The worry is that, due to the hyperbole of trans activists who maintain that simply discussing the issue is tantamount to erasing their existence, the Overton window of public opinion on what is ‘reasonable’ may have shifted. The shifting of the Overton window is one of the possible results of continually calling names instead of debating the issue, combined with the platforming of opinion, such as that of trans cyclist Rachel McKinnon, as if it were fact. The result is that, instead of feeling that fairness in sport is our due, some women will have been made to feel so guilty for asking for it that they will be tempted to give ground on other issues as a concession. It is understandable that, having been called ‘transphobic’ once too many times, you will want to prove that you’re not, but it would be a mistake to take the view that sport is a ‘special case’. The very reason trans rights activists cannot concede that a male body is different to a female body in sport is because they may then have to admit that a male body is different to a female body in a woman’s refuge or in a communal changing area, or in a rape crisis centre – and this they are not prepared to do.

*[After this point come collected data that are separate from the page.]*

lemma catalan_partial_sum_Suc_le:
  fixes z :: real
  assumes "0 \<le> z"
  shows "(\<Sum>n<Suc N. catalan n * z^n) \<le> 1 + z * (\<Sum>n<N. catalan n * z^n)\<^sup>2"
proof -
  define g where "g i j = (catalan i * z^i) * (catalan j * z^j)" for i j
  have coeff: "catalan (Suc n) * z^Suc n = z * (\<Sum>i\<le>n. g i (n - i))" for n
  proof -
    have "catalan (Suc n) * z^Suc n = z * (\<Sum>i\<le>n. catalan i * catalan (n - i) * z^n)"
      by (simp add: sum_distrib_left sum_distrib_right atLeast0AtMost mult_ac)
    also have "\<dots> = z * (\<Sum>i\<le>n. g i (n - i))"
      by (intro arg_cong[where f = "(*) z"] sum.cong refl) (auto simp: g_def power_add[symmetric])
    finally show ?thesis .
  qed
  have "(\<Sum>n<Suc N. catalan n * z^n) = 1 + z * (\<Sum>n<N. \<Sum>i\<le>n. g i (n - i))"
    unfolding sum.lessThan_Suc_shift coeff by (simp add: sum_distrib_left)
  also have "(\<Sum>n<N. \<Sum>i\<le>n. g i (n - i)) = (\<Sum>(i,j)\<in>{(i,j). i + j < N}. g i j)"
    by (rule sum.triangle_reindex[symmetric])
  also have "\<dots> \<le> (\<Sum>(i,j)\<in>{..<N}\<times>{..<N}. g i j)"
    by (rule sum_mono2) (auto simp: g_def assms catalan_nonneg)
  also have "\<dots> = (\<Sum>n<N. catalan n * z^n)\<^sup>2"
    by (simp add: g_def power2_eq_square sum_product sum.cartesian_product)
  finally show ?thesis
    using assms by (auto intro: mult_left_mono)
qed

lemma catalan_partial_sum_le_2:
  fixes z :: real
  assumes "0 \<le> z" "z \<le> 1/4"
  shows "(\<Sum>n<N. catalan n * z^n) \<le> 2"
proof (induction N)
  case (Suc N)
  have "0 \<le> (\<Sum>n<N. catalan n * z^n)"
    using assms by (auto intro!: sum_nonneg simp: catalan_nonneg)
  then have "(\<Sum>n<N. catalan n * z^n)\<^sup>2 \<le> 4"
    using Suc power_mono[of _ 2 2] by fastforce
  then have "z * (\<Sum>n<N. catalan n * z^n)\<^sup>2 \<le> 1"
    using assms mult_mono[of z "1/4" _ 4] by fastforce
  then show ?case
    using catalan_partial_sum_Suc_le[OF assms(1), of N] by linarith
qed simp

lemma summable_catalan_powser:
  fixes z :: real
  assumes "0 \<le> z" "z \<le> 1/4"
  shows "summable (\<lambda>n. catalan n * z^n)"
proof (rule bounded_imp_summable)
  show "0 \<le> catalan n * z^n" for n
    using assms by (simp add: catalan_nonneg)
  show "(\<Sum>k\<le>n. catalan k * z^k) \<le> 2" for n
    using catalan_partial_sum_le_2[OF assms, of "Suc n"] by (simp add: lessThan_Suc_atMost)
qed

lemma summable_norm_powser_le_catalan:
  fixes z :: real and a :: "nat \<Rightarrow> real"
  assumes "0 \<le> z" "z \<le> 1/4" and "\<And>n. \<bar>a n\<bar> \<le> catalan n"
  shows "summable (\<lambda>n. norm (a n * z^n))"
proof (rule summable_comparison_test'[OF summable_catalan_powser[OF assms(1,2)]])
  show "norm (norm (a n * z^n)) \<le> catalan n * z^n" for n
    using assms mult_right_mono[of "\<bar>a n\<bar>" "catalan n" "z^n"] by (simp add: abs_mult)
qed

lemma powser_convolution_recurrence:
  fixes z :: real and a u :: "nat \<Rightarrow> real"
  assumes "u 0 = 1" and "\<And>n. u (Suc n) = (\<Sum>m\<in>{0..n}. a m * u (n - m))"
    and "summable (\<lambda>n. norm (a n * z^n))" "summable (\<lambda>n. norm (u n * z^n))"
  shows "(\<Sum>n. u n * z^n) = 1 + z * (\<Sum>n. a n * z^n) * (\<Sum>n. u n * z^n)"
proof -
  have "(\<Sum>n. u n * z^n) = 1 + (\<Sum>n. u (Suc n) * z^n) * z"
    using powser_split_head(1)[OF summable_norm_cancel[OF assms(4)]] assms(1) by simp
  also have "(\<Sum>n. u (Suc n) * z^n) = (\<Sum>n. \<Sum>i\<le>n. (a i * z^i) * (u (n - i) * z^(n - i)))"
    by (intro suminf_cong)
      (auto simp: assms(2) sum_distrib_left sum_distrib_right atLeast0AtMost mult_ac power_add[symmetric]
            intro!: sum.cong)
  also have "\<dots> = (\<Sum>n. a n * z^n) * (\<Sum>n. u n * z^n)"
    by (rule Cauchy_product[symmetric]) (use assms(3,4) in auto)
  finally show ?thesis
    by (simp add: mult_ac)
qed

lemma integrals_unit_interval_bounds:
  fixes f :: "real \<Rightarrow> real"
  assumes "continuous_on {0..1} f" "\<And>y. y \<in> {0..1} \<Longrightarrow> 0 \<le> f y \<and> f y \<le> C"
    and "x \<in> {0..1}"
  shows "0 \<le> integral {0..x} f" "integral {0..x} f \<le> x * C"
    and "0 \<le> integral {x..1} f" "integral {x..1} f \<le> (1 - x) * C"
proof -
  have "0 \<le> integral {a..b} f \<and> integral {a..b} f \<le> (b - a) * C"
    if "0 \<le> a" "a \<le> b" "b \<le> 1" for a b
  proof -
    have int: "f integrable_on {a..b}"
      using that assms(1) by (intro integrable_continuous_real) (auto elim: continuous_on_subset)
    have "integral {a..b} f \<le> integral {a..b} (\<lambda>_. C)"
      using that assms(2) by (intro integral_le[OF int]) auto
    then show ?thesis
      using that assms(2) by (auto intro: integral_nonneg[OF int])
  qed
  then show "0 \<le> integral {0..x} f" "integral {0..x} f \<le> x * C"
    and "0 \<le> integral {x..1} f" "integral {x..1} f \<le> (1 - x) * C"
    using assms(3) by force+
qed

Sport is the most high profile arena in which the current attack on women’s rights is being defended, but it provides a useful illustration of how dirty the fight is, and how unfairly it is being conducted. If you have watched in disbelief as abuse and attacks have been directed at sportswomen prepared to stick their heads above the parapet, then consider the ease with which the same extremists attack and misrepresent less well-known women. Consider that they too may have been lied about and smeared in order to keep them quiet, and to suggest that their cause is unjust. Nothing but admiration is due for the elite sportswomen who have voluntarily entered this toxic debate: through their determination and sense of fair play they have succeeded in raising public consciousness about a major injustice in women’s sport.
The hope is that the support recently garnered for sport can be extrapolated to the other areas where women and girls are currently under siege. The public support recently gained must be extended to women in all other walks of life: sportswomen’s rights are women’s rights and we all deserve a level playing field.